"then" is the word to look for; copy each line of the listing where it occurs.

Information:

- - - -

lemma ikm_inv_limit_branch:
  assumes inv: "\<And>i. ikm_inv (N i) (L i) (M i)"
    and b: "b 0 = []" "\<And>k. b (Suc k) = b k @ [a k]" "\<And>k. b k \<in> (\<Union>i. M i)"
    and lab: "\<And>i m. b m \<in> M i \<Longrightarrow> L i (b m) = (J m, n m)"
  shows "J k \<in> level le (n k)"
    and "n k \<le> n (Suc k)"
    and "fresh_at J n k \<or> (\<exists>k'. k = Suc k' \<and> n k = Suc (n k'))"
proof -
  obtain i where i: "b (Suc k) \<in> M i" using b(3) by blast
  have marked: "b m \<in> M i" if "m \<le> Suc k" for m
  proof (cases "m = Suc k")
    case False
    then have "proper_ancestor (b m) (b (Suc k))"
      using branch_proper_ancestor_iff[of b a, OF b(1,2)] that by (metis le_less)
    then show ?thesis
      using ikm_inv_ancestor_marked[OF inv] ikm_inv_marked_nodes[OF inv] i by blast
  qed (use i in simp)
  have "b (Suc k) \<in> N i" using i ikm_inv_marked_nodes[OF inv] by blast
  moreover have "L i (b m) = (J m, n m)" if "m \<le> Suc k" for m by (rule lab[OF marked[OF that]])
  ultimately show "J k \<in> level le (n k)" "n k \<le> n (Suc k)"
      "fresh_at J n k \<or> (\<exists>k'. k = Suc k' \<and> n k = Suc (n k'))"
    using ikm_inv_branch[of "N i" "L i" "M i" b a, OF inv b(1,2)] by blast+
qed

- - - -

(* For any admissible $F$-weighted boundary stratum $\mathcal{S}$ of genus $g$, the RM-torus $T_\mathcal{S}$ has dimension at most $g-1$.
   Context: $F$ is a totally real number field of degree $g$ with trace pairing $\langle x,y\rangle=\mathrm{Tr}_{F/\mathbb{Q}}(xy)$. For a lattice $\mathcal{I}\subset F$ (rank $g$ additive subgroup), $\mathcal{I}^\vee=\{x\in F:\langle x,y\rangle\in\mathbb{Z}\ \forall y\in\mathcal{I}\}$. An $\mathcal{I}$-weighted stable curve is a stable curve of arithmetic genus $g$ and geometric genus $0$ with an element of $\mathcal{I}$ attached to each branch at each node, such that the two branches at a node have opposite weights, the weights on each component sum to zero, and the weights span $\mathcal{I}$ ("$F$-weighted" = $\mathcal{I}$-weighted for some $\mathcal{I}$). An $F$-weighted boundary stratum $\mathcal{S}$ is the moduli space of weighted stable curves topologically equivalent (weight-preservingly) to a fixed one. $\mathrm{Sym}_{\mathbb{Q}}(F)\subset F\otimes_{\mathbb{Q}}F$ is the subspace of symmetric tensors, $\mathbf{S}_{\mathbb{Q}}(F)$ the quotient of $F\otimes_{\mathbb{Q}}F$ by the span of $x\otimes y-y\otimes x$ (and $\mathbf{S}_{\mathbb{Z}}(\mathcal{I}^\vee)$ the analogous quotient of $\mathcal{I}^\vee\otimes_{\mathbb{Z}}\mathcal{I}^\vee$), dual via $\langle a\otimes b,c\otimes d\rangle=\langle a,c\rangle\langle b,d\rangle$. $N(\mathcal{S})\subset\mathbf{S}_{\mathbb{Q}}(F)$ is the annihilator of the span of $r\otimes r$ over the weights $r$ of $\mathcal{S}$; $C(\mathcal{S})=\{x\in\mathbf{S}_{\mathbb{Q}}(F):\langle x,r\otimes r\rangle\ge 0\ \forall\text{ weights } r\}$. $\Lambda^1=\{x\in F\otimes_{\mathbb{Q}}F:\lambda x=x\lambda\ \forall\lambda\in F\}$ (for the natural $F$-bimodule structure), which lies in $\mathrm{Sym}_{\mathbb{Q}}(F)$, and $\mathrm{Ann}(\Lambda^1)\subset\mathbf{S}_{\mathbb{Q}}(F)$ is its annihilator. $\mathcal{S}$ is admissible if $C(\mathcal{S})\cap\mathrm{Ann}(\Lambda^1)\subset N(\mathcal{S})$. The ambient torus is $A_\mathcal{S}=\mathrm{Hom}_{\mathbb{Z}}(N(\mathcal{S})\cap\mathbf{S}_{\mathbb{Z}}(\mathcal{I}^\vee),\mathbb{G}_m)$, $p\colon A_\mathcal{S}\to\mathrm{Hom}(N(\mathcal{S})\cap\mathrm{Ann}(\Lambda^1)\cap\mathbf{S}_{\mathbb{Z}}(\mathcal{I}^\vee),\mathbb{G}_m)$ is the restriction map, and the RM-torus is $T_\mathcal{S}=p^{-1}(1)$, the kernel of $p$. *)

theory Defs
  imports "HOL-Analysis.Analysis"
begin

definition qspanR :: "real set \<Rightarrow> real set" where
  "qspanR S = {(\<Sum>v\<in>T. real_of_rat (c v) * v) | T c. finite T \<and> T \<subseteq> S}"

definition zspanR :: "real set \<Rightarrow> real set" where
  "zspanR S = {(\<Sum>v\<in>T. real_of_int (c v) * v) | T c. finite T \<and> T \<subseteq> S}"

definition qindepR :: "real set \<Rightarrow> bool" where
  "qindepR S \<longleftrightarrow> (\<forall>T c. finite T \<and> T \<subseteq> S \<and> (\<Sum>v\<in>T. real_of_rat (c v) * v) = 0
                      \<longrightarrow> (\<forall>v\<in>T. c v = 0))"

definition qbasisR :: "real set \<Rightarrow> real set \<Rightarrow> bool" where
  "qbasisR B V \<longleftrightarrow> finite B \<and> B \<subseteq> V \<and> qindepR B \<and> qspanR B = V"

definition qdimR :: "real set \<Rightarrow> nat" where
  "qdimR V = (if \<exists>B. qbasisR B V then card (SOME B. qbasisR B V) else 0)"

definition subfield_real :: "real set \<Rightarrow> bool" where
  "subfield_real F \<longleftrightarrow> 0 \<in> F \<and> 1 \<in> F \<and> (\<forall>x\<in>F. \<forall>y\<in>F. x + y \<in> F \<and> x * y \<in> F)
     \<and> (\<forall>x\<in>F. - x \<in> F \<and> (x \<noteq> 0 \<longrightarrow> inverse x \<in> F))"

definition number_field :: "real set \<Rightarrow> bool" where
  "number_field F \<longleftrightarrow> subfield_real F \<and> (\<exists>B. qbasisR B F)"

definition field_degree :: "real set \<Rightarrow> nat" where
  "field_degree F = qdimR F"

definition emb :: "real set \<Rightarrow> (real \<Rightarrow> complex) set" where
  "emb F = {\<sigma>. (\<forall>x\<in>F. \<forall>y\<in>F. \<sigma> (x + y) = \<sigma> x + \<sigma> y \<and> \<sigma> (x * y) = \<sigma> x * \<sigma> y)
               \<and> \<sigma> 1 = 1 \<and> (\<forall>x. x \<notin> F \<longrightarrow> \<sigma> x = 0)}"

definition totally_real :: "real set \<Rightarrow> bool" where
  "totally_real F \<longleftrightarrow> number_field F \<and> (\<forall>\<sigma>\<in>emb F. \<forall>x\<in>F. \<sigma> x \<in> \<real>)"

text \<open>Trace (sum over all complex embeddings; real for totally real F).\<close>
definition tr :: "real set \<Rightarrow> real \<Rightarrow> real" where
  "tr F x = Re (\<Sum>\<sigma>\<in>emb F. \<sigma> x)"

- - - -

Task response:
    then have "proper_ancestor (b m) (b (Suc k))"
    then show ?thesis
  "qdimR V = (if \<exists>B. qbasisR B V then card (SOME B. qbasisR B V) else 0)"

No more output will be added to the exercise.